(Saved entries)
□ □ □ □ □ □ □

(* Consider the DSA algorithm described in the context, under conditions (a)–(c) on the weights and assuming every $f_{n,i}$ is differentiable and $\mu$-strongly convex with $L$-Lipschitz gradient. Then for any constant $\eta>0$ and every $t\ge0$, \begin{align*} \mathbb{E}\left[\|\mathbf{u}^{t+1}-\mathbf{u}^*\|_{\mathbf{G}}^2\mid\mathcal{F}^t\right]&\le\|\mathbf{u}^t-\mathbf{u}^*\|_{\mathbf{G}}^2-2\,\mathbb{E}\left[\|\mathbf{x}^{t+1}-\mathbf{x}^*\|_{\mathbf{I}+\mathbf{Z}-2\tilde{\mathbf{Z}}}^2\mid\mathcal{F}^t\right]+\frac{4\alpha L}{\eta}p^t\\ &\quad-\mathbb{E}\left[\|\mathbf{x}^{t+1}-\mathbf{x}^t\|_{\tilde{\mathbf{Z}}-2\alpha\eta\mathbf{I}}^2\mid\mathcal{F}^t\right]-\mathbb{E}\left[\|\mathbf{v}^{t+1}-\mathbf{v}^t\|^2\mid\mathcal{F}^t\right]\\ &\quad-\left(\frac{4\alpha\mu}{L}-\frac{2\alpha(2L-\mu)}{\eta}\right)\left(f(\mathbf{x}^{t})-f(\mathbf{x}^* )-\nabla f(\mathbf{x}^* )^T(\mathbf{x}^{t}-\mathbf{x}^* )\right). \end{align*}
   Context: Problem: a connected network of $N$ nodes; node $n$ holds $q_n$ functions $f_{n,i}:\mathbb{R}^p\to\mathbb{R}$, each differentiable, $\mu$-strongly convex, with $L$-Lipschitz gradient; $f_n:=\frac1{q_n}\sum_i f_{n,i}$, $\tilde{\mathbf{x}}^*:=\arg\min_{\mathbf{x}}\sum_n f_n(\mathbf{x})$. For $\mathbf{x}=[\mathbf{x}_1;\dots;\mathbf{x}_N]\in\mathbb{R}^{Np}$, $f(\mathbf{x}):=\sum_n f_n(\mathbf{x}_n)$, $\mathbf{x}^*:=[\tilde{\mathbf{x}}^*;\dots;\tilde{\mathbf{x}}^*]$. Weights: $\mathbf{W},\tilde{\mathbf{W}}\in\mathbb{R}^{N\times N}$ with entries nonzero only for $m=n$ or $m$ a neighbor of $n$, satisfying (a) symmetry; (b) $\mathrm{null}(\mathbf{I}-\tilde{\mathbf{W}})\supseteq\mathrm{span}(\mathbf{1})$, $\mathrm{null}(\mathbf{I}-\mathbf{W})=\mathrm{span}(\mathbf{1})$, $\mathrm{null}(\tilde{\mathbf{W}}-\mathbf{W})=\mathrm{span}(\mathbf{1})$; (c) $\mathbf{W}\preceq\tilde{\mathbf{W}}\preceq(\mathbf{I}+\mathbf{W})/2$, $\tilde{\mathbf{W}}\succ0$. $\mathbf{Z}:=\mathbf{W}\otimes\mathbf{I}_p$, $\tilde{\mathbf{Z}}:=\tilde{\mathbf{W}}\otimes\mathbf{I}_p$, $\mathbf{U}:=(\tilde{\mathbf{Z}}-\mathbf{Z})^{1/2}$. DSA: stepsize $\alpha>0$, initial $\mathbf{x}_n^0$, $\mathbf{y}_{n,i}^0=\mathbf{x}_n^0$. At each $t\ge0$ node $n$ draws $i_n^t$ uniformly from $\{1,\dots,q_n\}$ independently of the past, sets $\hat{\mathbf{g}}_n^t:=\nabla f_{n,i_n^t}(\mathbf{x}_n^t)-\nabla f_{n,i_n^t}(\mathbf{y}_{n,i_n^t}^t)+\frac1{q_n}\sum_{i}\nabla f_{n,i}(\mathbf{y}_{n,i}^t)$, and $\mathbf{y}_{n,i}^{t+1}=\mathbf{x}_n^t$ if $i=i_n^t$, else $\mathbf{y}_{n,i}^{t+1}=\mathbf{y}_{n,i}^t$. With $\hat{\mathbf{g}}^t:=[\hat{\mathbf{g}}_1^t;\dots;\hat{\mathbf{g}}_N^t]$: $\mathbf{x}^1=\mathbf{Z}\mathbf{x}^0-\alpha\hat{\mathbf{g}}^0$, $\mathbf{x}^{t+1}=(\mathbf{I}+\mathbf{Z})\mathbf{x}^t-\tilde{\mathbf{Z}}\mathbf{x}^{t-1}-\alpha[\hat{\mathbf{g}}^t-\hat{\mathbf{g}}^{t-1}]$ for $t\ge1$. Dual variables $\mathbf{v}^t:=\sum_{s=0}^t\mathbf{U}\mathbf{x}^s$; $\mathbf{v}^*$ is the vector in the column space of $\mathbf{U}$ with $\alpha\nabla f(\mathbf{x}^* )+\mathbf{U}\mathbf{v}^*=\mathbf{0}$. Set $\mathbf{u}^t:=[\mathbf{x}^t;\mathbf{v}^t]$, $\mathbf{u}^*:=[\mathbf{x}^*;\mathbf{v}^*]$, $\mathbf{G}:=\mathrm{diag}(\tilde{\mathbf{Z}},\mathbf{I})\in\mathbb{R}^{2Np\times2Np}$. For a symmetric matrix $\mathbf{A}$, $\|\mathbf{z}\|_{\mathbf{A}}^2:=\mathbf{z}^T\mathbf{A}\mathbf{z}$. $\mathcal{F}^t$ is the sigma-algebra of the history up to time $t$. Define $$p^t:=\sum_{n=1}^N\frac1{q_n}\sum_{i=1}^{q_n}\left(f_{n,i}(\mathbf{y}_{n,i}^t)-f_{n,i}(\tilde{\mathbf{x}}^* )-\nabla f_{n,i}(\tilde{\mathbf{x}}^* )^T(\mathbf{y}_{n,i}^t-\tilde{\mathbf{x}}^* )\right).$$ *)

theory Defs
  imports "HOL-Analysis.Analysis"
begin
lemma indicatrix_conormal_has_vector_derivative:
  assumes md: "myller_darboux I C xi mu nu G K T" and s: "s \<in> I"
    and dG: "(G has_real_derivative G' s) (at s)" and dK: "(K has_real_derivative K' s) (at s)"
    and nz: "(G s, K s) \<noteq> (0, 0)"
  shows "(indicatrix_conormal mu nu G K has_vector_derivative
      sigma_xi G K T G' K' s *\<^sub>R (G s *\<^sub>R mu s + K s *\<^sub>R nu s)) (at s)"
proof -
  define N where "N = (G s)\<^sup>2 + (K s)\<^sup>2"
  define P where "P = G s * G' s + K s * K' s"
  define Q where "Q = G' s * K s - G s * K' s"
  define X where "X = G s *\<^sub>R mu s + K s *\<^sub>R nu s"
  define V where "V = G s *\<^sub>R nu s - K s *\<^sub>R mu s"
  define W where "W = G' s *\<^sub>R nu s - K' s *\<^sub>R mu s"
  have N: "N > 0"
    using nz unfolding N_def by (auto simp: sum_power2_gt_zero_iff)
  have dmu: "(mu has_vector_derivative (- G s *\<^sub>R xi s + T s *\<^sub>R nu s)) (at s)"
    and dnu: "(nu has_vector_derivative (- K s *\<^sub>R xi s - T s *\<^sub>R mu s)) (at s)"
    using md s unfolding myller_darboux_def by auto
  have dV: "((\<lambda>s. G s *\<^sub>R nu s - K s *\<^sub>R mu s) has_vector_derivative W - T s *\<^sub>R X) (at s)"
    unfolding W_def X_def
    by (rule derivative_eq_intros dG dK dmu dnu refl)+ (simp add: algebra_simps)
  have dq: "((\<lambda>s. 1 / sqrt ((G s)\<^sup>2 + (K s)\<^sup>2)) has_real_derivative - P / (N * sqrt N)) (at s)"
    using N unfolding P_def
    by (auto intro!: derivative_eq_intros dG dK simp flip: N_def simp: field_simps)
  have du: "(indicatrix_conormal mu nu G K has_vector_derivative
      (1 / sqrt N) *\<^sub>R (W - T s *\<^sub>R X) + (- P / (N * sqrt N)) *\<^sub>R V) (at s)"
    using has_vector_derivative_scaleR[OF dq dV]
    unfolding indicatrix_conormal_def[abs_def] N_def V_def .
  have "N *\<^sub>R W = P *\<^sub>R V + Q *\<^sub>R X"
    unfolding N_def P_def Q_def V_def W_def X_def by (simp add: algebra_simps power2_eq_square)
  then have "(1 / N) *\<^sub>R (N *\<^sub>R W) = (1 / N) *\<^sub>R (P *\<^sub>R V + Q *\<^sub>R X)"
    by simp
  then have W: "W = (P / N) *\<^sub>R V + (Q / N) *\<^sub>R X"
    using N by (simp add: scaleR_add_right)
  have "(Q - N * T s) / (N * sqrt N) = Q / (N * sqrt N) - T s / sqrt N"
    using N by (simp add: field_simps)
  then have "(1 / sqrt N) *\<^sub>R (W - T s *\<^sub>R X) + (- P / (N * sqrt N)) *\<^sub>R V
      = sigma_xi G K T G' K' s *\<^sub>R X"
    unfolding W sigma_xi_eq
    by (simp add: scaleR_diff_right scaleR_add_right scaleR_diff_left mult.commute flip: N_def Q_def)
  then show ?thesis
    using du unfolding X_def by simp
qed
lemma bregman_sublevel_bounded: "\<exists>R. \<forall>x. bregman F c x \<le> M \<longrightarrow> \<bar>x\<bar> \<le> R"
proof -
  define a where "a = min (F (c + 1) - F c) (F c - F (c - 1))"
  have a: "a > 0" unfolding a_def using strict_mono by (simp add: strict_mono_less)
  define R where "R = \<bar>c\<bar> + 1 + max M 0 / a"
  have "\<bar>x\<bar> \<le> R" if Gx: "bregman F c x \<le> M" for x
  proof -
    have "x \<le> c + 1 + max M 0 / a"
    proof (rule ccontr)
      assume far: "\<not> ?thesis"
      then have x1: "x > c + 1" using a by (smt (verit) divide_nonneg_pos max.cobounded2)
      obtain z where z: "c + 1 < z" "z < x"
        "bregman F c x - bregman F c (c + 1) = (x - (c + 1)) * (F z - F c)"
        using MVT2[OF x1, of "bregman F c" "\<lambda>z. F z - F c"] has_real_derivative_bregman by auto
      have "F z - F c \<ge> a" unfolding a_def using z strict_mono by (smt (verit) strict_mono_less)
      then have "(x - (c + 1)) * (F z - F c) \<ge> (x - (c + 1)) * a" using x1 by (simp add: mult_left_mono)
      moreover have "(x - (c + 1)) * a > max M 0" using far a by (simp add: field_simps)
      ultimately show False using z bregman_nonneg[of c "c + 1"] Gx by linarith
    qed
    moreover have "x \<ge> c - 1 - max M 0 / a"
    proof (rule ccontr)
      assume far: "\<not> ?thesis"
      then have x1: "x < c - 1" using a by (smt (verit) divide_nonneg_pos max.cobounded2)
      obtain z where z: "x < z" "z < c - 1"
        "bregman F c (c - 1) - bregman F c x = (c - 1 - x) * (F z - F c)"
        using MVT2[OF x1, of "bregman F c" "\<lambda>z. F z - F c"] has_real_derivative_bregman by auto
      have "F c - F z \<ge> a" unfolding a_def using z strict_mono by (smt (verit) strict_mono_less)
      then have "(c - 1 - x) * (F c - F z) \<ge> (c - 1 - x) * a" using x1 by (simp add: mult_left_mono)
      moreover have "(c - 1 - x) * a > max M 0" using far a by (simp add: field_simps)
      moreover have "(c - 1 - x) * (F z - F c) = - ((c - 1 - x) * (F c - F z))" by (simp add: algebra_simps)
      ultimately show False using z bregman_nonneg[of c "c - 1"] Gx by linarith
    qed
    ultimately show ?thesis unfolding R_def by (smt (verit) a divide_nonneg_pos max.cobounded2)
  qed
  then show ?thesis by blast
qed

□ □ □ □ □ □ □

Problem statement
Using the records above, work out the number of lines that contain "flip" and write only that number.

Written solution
2